> **Your objective**:
The answer must be a single number: how many lines of the records below hold the word "ultimately".

═══

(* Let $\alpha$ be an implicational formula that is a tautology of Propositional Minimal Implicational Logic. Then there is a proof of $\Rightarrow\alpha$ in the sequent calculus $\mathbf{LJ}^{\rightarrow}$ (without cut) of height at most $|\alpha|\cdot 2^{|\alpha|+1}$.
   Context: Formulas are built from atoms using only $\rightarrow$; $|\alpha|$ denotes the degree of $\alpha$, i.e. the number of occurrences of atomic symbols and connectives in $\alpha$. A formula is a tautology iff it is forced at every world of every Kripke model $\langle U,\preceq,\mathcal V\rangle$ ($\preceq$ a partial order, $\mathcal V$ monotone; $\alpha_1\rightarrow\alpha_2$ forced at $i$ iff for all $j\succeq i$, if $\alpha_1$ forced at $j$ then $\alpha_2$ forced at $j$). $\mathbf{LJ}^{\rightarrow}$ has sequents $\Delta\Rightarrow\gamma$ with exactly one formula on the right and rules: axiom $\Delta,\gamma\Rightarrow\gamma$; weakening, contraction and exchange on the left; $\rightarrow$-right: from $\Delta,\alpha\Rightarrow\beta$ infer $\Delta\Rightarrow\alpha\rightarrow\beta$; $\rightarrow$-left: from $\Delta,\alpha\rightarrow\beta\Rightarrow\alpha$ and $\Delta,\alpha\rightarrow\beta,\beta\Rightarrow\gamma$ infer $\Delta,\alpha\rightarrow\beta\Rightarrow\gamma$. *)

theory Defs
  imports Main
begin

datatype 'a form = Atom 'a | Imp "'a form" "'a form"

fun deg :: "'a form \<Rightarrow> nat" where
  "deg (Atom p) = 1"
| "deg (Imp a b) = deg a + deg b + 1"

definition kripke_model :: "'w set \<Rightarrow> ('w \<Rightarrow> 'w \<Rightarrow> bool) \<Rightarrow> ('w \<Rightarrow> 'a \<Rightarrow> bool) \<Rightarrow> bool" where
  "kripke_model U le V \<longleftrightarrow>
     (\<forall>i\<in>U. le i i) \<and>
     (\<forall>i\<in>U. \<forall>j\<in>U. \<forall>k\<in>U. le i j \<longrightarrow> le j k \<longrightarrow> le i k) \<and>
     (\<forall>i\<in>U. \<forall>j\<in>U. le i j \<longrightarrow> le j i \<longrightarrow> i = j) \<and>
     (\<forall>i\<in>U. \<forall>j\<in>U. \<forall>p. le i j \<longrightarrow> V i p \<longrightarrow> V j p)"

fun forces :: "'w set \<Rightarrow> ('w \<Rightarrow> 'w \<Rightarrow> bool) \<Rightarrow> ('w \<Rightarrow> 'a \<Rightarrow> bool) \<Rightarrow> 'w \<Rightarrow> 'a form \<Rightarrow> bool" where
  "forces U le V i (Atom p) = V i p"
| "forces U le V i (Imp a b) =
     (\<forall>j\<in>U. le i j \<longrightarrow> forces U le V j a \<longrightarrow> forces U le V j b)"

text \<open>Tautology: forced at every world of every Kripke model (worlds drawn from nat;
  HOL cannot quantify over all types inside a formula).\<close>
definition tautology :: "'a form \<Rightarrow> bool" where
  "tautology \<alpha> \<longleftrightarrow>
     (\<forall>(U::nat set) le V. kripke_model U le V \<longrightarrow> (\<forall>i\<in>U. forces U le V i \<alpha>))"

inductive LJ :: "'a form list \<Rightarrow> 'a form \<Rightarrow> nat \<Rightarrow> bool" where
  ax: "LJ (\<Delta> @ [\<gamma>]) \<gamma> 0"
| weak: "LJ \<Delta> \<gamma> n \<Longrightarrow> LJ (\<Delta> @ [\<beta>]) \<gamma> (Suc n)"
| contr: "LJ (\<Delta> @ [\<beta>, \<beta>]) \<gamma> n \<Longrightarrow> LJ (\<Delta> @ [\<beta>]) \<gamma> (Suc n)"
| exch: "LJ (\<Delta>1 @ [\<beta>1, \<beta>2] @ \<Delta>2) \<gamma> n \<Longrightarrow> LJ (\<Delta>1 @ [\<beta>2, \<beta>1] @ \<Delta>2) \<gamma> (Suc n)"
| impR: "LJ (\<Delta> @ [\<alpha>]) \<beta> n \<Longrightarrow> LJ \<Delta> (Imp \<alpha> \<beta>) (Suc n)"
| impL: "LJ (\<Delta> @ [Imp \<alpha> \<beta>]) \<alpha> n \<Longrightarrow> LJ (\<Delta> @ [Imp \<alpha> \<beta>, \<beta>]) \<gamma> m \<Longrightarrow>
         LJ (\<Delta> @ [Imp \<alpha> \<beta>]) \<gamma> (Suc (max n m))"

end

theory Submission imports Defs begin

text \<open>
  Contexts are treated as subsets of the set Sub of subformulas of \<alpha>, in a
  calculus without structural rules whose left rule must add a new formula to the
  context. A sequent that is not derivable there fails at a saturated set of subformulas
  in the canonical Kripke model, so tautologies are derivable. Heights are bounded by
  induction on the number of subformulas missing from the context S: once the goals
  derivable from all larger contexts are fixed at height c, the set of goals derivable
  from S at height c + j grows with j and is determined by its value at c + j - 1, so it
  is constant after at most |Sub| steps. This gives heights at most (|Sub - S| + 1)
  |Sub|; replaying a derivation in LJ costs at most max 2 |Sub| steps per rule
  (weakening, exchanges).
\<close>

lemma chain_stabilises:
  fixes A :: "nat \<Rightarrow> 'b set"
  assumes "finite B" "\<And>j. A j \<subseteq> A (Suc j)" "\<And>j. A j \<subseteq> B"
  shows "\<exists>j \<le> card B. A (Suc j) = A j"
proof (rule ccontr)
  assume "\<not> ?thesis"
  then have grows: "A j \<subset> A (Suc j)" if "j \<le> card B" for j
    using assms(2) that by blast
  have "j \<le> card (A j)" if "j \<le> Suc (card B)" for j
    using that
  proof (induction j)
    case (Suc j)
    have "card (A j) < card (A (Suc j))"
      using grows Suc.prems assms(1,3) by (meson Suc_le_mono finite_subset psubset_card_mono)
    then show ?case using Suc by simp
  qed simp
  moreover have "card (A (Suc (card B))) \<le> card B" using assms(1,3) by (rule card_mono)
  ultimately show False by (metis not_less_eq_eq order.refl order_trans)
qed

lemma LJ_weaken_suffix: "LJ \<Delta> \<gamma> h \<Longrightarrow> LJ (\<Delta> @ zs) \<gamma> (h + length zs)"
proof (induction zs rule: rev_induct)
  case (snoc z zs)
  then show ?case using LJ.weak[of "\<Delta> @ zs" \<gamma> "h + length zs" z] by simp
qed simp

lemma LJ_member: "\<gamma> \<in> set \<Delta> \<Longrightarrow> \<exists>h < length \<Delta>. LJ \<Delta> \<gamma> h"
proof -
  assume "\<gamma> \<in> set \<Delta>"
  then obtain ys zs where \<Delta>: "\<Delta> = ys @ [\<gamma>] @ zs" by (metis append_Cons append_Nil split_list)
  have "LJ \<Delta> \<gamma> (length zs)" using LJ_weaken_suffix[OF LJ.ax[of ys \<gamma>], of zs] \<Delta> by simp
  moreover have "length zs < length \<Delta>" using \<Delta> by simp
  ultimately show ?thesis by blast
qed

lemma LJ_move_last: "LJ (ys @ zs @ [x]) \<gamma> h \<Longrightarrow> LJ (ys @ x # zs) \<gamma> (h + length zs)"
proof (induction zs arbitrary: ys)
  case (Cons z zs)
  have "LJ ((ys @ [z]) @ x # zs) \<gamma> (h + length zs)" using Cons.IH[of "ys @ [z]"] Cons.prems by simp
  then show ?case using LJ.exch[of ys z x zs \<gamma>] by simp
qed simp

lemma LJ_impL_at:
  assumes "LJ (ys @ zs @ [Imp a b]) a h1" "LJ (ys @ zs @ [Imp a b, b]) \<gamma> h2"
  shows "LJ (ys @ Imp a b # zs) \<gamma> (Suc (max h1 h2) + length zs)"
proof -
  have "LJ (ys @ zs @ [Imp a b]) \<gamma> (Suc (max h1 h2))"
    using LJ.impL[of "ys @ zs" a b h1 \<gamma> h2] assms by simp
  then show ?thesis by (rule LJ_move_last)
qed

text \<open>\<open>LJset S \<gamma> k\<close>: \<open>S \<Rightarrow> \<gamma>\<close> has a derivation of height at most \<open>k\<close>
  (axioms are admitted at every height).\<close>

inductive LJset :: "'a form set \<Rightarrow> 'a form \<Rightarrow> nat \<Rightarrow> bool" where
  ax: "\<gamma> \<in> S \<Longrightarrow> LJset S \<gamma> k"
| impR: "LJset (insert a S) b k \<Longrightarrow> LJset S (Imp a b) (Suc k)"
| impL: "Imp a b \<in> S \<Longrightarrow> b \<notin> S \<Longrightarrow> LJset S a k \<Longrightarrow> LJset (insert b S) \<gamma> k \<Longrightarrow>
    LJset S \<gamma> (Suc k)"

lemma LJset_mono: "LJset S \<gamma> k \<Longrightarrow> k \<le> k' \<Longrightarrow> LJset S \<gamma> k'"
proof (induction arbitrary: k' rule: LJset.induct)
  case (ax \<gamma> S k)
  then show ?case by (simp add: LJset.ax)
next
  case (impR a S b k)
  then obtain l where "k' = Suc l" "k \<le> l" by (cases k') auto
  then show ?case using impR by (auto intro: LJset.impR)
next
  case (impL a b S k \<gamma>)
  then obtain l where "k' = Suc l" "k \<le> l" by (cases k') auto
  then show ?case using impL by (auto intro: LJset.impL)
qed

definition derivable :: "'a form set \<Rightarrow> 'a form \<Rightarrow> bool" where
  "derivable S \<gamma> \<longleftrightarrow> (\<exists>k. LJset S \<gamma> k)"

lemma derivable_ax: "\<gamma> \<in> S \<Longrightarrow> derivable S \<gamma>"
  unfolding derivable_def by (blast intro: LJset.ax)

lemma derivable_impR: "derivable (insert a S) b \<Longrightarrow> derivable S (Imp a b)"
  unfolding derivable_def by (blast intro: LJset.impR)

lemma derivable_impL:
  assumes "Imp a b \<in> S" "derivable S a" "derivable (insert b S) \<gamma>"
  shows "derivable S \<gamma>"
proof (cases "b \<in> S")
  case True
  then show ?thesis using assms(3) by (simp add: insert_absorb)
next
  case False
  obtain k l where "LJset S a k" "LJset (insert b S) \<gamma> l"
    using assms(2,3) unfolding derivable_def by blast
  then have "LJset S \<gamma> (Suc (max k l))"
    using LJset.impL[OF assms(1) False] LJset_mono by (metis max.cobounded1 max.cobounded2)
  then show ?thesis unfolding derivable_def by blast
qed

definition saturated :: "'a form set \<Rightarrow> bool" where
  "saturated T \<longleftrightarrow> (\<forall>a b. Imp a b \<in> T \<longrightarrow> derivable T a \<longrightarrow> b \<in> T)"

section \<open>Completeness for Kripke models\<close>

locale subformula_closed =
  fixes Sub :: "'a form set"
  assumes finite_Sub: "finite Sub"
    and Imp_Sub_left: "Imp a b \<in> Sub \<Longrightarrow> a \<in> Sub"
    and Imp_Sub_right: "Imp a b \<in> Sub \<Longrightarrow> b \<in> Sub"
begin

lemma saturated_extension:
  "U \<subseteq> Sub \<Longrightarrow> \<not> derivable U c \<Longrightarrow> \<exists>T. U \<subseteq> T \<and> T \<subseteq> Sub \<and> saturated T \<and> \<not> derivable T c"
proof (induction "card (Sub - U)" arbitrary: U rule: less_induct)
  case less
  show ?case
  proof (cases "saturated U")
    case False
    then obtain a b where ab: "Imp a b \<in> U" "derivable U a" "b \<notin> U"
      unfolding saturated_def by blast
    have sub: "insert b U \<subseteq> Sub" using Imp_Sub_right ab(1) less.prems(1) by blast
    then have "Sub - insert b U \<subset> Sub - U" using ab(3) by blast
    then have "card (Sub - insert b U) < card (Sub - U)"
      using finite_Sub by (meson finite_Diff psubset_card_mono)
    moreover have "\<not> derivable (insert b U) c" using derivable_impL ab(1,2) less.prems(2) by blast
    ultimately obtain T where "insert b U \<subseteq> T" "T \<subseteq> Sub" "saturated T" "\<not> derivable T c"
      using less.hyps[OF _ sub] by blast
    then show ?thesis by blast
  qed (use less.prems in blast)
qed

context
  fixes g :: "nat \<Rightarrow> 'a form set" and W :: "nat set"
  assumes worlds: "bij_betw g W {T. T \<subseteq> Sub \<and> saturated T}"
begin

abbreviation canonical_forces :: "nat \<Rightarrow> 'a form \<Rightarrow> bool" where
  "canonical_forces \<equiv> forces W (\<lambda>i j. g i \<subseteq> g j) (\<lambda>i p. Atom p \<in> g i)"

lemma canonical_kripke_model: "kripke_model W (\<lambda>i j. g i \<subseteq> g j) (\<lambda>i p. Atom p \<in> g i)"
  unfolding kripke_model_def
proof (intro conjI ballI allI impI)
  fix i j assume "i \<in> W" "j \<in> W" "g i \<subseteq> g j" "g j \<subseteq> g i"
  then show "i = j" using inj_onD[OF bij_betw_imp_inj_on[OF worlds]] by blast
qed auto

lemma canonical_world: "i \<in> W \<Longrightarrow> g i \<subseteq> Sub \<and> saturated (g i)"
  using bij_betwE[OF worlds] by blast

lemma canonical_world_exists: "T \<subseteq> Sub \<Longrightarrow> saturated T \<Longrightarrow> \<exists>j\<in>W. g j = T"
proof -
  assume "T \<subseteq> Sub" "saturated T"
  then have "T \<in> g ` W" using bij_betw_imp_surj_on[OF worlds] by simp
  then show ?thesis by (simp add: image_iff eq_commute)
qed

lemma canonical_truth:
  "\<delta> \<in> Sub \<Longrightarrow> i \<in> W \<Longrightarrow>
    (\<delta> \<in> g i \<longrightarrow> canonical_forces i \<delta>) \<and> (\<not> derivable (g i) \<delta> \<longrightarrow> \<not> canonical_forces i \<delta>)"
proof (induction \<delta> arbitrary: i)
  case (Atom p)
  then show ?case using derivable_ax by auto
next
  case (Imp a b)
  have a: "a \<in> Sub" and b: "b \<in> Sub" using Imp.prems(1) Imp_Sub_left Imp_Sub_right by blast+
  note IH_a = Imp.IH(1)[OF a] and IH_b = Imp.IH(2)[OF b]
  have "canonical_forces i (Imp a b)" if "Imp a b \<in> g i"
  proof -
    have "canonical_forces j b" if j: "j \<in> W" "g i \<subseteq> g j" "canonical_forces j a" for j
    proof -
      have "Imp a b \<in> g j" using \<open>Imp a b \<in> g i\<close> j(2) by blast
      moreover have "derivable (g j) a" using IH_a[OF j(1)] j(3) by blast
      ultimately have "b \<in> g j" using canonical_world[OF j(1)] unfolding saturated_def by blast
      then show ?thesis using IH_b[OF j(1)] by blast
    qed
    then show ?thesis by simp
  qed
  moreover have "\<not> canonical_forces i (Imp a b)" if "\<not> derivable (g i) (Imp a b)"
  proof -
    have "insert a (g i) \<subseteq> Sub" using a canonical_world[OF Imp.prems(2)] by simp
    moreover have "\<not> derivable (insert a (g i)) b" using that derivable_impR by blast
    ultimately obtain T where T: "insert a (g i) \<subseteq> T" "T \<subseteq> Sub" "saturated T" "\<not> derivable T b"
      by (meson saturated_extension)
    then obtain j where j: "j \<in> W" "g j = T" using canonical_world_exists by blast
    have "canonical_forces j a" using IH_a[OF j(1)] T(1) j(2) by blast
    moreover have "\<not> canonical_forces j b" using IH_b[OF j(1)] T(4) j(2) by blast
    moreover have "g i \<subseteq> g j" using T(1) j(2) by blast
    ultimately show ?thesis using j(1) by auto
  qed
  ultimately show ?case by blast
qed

═══

> **Your solution**:
7